§ **Problem description**
Retype exactly the lines that run from the start of the data to the line holding "by (intro sums_diff sums_mult sums_of_nat_times_power", including both, and only those.

§ **Supplied material**
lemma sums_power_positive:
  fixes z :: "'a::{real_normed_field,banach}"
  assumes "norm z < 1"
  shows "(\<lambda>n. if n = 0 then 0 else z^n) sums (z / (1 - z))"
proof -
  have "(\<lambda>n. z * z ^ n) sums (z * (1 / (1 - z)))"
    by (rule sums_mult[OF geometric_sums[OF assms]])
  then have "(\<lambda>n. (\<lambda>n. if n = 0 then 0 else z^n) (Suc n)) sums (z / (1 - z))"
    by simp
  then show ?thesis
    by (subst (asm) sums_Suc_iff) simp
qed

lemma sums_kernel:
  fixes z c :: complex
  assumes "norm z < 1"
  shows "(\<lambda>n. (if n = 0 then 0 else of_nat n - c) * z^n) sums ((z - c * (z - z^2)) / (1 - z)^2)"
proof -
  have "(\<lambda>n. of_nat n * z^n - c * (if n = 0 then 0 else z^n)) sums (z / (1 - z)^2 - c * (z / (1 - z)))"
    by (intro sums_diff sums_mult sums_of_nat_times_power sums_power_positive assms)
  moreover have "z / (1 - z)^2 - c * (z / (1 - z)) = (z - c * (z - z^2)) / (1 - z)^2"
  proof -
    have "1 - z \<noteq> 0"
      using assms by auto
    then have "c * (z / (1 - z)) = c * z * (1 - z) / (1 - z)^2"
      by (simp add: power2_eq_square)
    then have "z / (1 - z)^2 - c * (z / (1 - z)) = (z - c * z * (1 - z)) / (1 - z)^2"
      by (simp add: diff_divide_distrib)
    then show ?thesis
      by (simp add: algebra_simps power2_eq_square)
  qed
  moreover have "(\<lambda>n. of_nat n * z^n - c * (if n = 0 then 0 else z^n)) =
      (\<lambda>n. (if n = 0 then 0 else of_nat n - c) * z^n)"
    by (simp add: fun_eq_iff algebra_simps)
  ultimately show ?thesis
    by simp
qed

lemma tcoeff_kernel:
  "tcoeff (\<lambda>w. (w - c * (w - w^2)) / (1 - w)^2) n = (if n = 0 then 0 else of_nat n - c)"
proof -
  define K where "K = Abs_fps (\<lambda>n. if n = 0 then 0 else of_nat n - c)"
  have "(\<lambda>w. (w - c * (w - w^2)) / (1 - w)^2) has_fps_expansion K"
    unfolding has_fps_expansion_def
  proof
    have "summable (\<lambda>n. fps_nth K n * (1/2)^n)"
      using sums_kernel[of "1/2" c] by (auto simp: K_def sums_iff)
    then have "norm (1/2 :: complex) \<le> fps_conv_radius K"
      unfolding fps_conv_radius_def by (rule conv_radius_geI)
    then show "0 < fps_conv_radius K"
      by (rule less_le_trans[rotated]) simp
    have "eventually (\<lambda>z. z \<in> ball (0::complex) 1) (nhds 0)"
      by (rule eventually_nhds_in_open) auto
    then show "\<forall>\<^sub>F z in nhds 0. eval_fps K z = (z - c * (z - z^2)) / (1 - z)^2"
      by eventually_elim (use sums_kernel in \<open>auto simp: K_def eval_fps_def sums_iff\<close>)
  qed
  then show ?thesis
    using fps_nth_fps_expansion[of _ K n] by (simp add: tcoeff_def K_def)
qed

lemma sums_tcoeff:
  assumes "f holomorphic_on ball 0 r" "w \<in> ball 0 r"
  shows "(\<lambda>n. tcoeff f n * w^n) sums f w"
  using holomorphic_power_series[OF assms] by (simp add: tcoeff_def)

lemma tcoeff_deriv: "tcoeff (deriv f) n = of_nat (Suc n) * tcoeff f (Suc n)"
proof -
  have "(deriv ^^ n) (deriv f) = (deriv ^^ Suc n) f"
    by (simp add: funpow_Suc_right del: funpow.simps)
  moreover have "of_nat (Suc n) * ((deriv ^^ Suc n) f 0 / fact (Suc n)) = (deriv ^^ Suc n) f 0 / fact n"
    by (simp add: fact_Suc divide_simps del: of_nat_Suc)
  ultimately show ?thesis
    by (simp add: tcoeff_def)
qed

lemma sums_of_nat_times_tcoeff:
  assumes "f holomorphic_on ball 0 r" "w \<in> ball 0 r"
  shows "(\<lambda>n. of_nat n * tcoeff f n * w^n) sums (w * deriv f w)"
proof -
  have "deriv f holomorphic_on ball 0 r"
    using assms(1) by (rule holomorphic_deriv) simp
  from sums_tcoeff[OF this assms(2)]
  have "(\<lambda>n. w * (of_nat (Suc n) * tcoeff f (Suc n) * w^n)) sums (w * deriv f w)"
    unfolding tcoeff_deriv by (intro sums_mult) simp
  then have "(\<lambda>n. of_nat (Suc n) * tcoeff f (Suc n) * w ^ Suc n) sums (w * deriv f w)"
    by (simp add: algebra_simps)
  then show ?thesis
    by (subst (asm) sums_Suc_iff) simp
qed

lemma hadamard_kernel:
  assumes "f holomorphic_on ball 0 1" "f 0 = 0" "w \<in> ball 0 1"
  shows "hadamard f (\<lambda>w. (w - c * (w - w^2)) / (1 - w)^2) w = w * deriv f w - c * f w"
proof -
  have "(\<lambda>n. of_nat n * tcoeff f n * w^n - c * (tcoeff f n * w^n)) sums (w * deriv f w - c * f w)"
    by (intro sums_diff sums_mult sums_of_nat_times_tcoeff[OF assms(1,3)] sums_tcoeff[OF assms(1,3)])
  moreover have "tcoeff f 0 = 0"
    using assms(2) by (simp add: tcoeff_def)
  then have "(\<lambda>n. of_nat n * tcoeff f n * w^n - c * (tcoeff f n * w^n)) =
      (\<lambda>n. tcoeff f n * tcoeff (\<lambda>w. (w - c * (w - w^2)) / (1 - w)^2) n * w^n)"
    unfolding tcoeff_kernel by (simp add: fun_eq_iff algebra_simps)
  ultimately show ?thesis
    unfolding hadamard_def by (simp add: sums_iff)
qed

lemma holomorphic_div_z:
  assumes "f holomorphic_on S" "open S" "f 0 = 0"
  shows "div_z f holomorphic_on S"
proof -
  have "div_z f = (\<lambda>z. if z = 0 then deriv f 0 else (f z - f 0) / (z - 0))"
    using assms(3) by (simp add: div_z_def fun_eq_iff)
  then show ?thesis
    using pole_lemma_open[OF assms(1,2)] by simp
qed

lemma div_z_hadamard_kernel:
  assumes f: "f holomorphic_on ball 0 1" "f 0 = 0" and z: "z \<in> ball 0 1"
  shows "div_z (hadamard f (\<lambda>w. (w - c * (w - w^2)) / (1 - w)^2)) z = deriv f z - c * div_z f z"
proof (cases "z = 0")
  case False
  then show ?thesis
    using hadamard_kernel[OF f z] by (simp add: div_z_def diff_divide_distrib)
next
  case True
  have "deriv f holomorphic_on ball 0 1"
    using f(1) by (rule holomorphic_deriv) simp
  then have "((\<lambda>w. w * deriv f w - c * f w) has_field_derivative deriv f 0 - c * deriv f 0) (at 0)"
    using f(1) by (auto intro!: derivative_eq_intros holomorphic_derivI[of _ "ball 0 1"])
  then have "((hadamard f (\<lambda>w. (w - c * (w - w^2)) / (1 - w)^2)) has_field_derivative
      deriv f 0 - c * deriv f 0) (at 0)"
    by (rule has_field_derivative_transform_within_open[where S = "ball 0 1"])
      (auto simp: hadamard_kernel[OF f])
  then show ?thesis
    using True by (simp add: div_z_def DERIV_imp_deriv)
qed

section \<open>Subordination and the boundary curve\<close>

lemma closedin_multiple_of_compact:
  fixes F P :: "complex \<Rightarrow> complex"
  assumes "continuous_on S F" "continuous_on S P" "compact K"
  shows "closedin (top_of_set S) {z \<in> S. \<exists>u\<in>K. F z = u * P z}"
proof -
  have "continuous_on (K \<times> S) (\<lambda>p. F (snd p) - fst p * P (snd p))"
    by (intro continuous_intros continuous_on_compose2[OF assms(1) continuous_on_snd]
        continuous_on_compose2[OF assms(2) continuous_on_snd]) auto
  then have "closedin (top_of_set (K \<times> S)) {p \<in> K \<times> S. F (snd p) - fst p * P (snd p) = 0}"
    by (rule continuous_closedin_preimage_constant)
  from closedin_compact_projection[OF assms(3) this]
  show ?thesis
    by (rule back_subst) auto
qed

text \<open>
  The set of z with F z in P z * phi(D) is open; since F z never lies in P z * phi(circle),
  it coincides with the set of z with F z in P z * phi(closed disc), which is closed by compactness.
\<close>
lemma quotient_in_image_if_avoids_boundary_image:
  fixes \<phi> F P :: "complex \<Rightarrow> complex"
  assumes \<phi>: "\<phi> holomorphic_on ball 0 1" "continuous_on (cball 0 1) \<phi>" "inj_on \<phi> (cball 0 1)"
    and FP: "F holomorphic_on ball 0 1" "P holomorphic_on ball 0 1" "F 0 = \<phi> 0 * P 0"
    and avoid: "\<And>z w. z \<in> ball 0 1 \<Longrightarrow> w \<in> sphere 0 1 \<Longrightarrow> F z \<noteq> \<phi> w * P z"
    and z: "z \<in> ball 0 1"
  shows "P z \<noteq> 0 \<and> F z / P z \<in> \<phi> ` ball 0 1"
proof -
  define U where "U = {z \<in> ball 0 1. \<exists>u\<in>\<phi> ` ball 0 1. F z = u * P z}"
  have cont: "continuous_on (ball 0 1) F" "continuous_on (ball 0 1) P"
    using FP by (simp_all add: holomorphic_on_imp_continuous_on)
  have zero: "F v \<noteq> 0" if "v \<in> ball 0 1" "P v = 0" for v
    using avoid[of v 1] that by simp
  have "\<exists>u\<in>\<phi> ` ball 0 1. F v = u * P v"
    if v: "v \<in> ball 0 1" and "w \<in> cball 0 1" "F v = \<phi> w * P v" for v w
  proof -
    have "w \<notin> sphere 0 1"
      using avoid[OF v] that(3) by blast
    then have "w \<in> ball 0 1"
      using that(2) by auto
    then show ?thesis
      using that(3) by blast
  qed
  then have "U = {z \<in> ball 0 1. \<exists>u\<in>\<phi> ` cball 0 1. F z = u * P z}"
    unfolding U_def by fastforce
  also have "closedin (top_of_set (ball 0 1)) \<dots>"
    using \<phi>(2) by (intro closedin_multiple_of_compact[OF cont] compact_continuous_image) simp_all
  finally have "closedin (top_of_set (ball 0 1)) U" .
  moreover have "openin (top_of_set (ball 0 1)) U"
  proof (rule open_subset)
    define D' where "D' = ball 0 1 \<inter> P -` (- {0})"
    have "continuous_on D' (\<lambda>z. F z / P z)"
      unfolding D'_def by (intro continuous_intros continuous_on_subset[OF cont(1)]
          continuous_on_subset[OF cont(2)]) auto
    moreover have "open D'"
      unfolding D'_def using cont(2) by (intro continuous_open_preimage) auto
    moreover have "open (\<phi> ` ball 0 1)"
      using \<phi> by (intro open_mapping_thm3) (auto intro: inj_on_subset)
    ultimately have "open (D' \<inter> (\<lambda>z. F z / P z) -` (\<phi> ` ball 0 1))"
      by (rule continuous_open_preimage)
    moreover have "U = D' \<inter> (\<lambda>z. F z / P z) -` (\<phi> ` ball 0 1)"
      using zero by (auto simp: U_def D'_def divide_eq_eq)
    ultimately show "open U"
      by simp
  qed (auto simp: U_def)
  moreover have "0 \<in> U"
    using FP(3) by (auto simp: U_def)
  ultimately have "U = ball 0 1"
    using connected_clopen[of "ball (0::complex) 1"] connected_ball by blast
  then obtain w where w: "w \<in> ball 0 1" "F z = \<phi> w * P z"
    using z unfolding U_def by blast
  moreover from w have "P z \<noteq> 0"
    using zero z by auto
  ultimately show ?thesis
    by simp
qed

§ **Written reply**
lemma sums_power_positive:
  fixes z :: "'a::{real_normed_field,banach}"
  assumes "norm z < 1"
  shows "(\<lambda>n. if n = 0 then 0 else z^n) sums (z / (1 - z))"
proof -
  have "(\<lambda>n. z * z ^ n) sums (z * (1 / (1 - z)))"
    by (rule sums_mult[OF geometric_sums[OF assms]])
  then have "(\<lambda>n. (\<lambda>n. if n = 0 then 0 else z^n) (Suc n)) sums (z / (1 - z))"
    by simp
  then show ?thesis
    by (subst (asm) sums_Suc_iff) simp
qed

lemma sums_kernel:
  fixes z c :: complex
  assumes "norm z < 1"
  shows "(\<lambda>n. (if n = 0 then 0 else of_nat n - c) * z^n) sums ((z - c * (z - z^2)) / (1 - z)^2)"
proof -
  have "(\<lambda>n. of_nat n * z^n - c * (if n = 0 then 0 else z^n)) sums (z / (1 - z)^2 - c * (z / (1 - z)))"
    by (intro sums_diff sums_mult sums_of_nat_times_power sums_power_positive assms)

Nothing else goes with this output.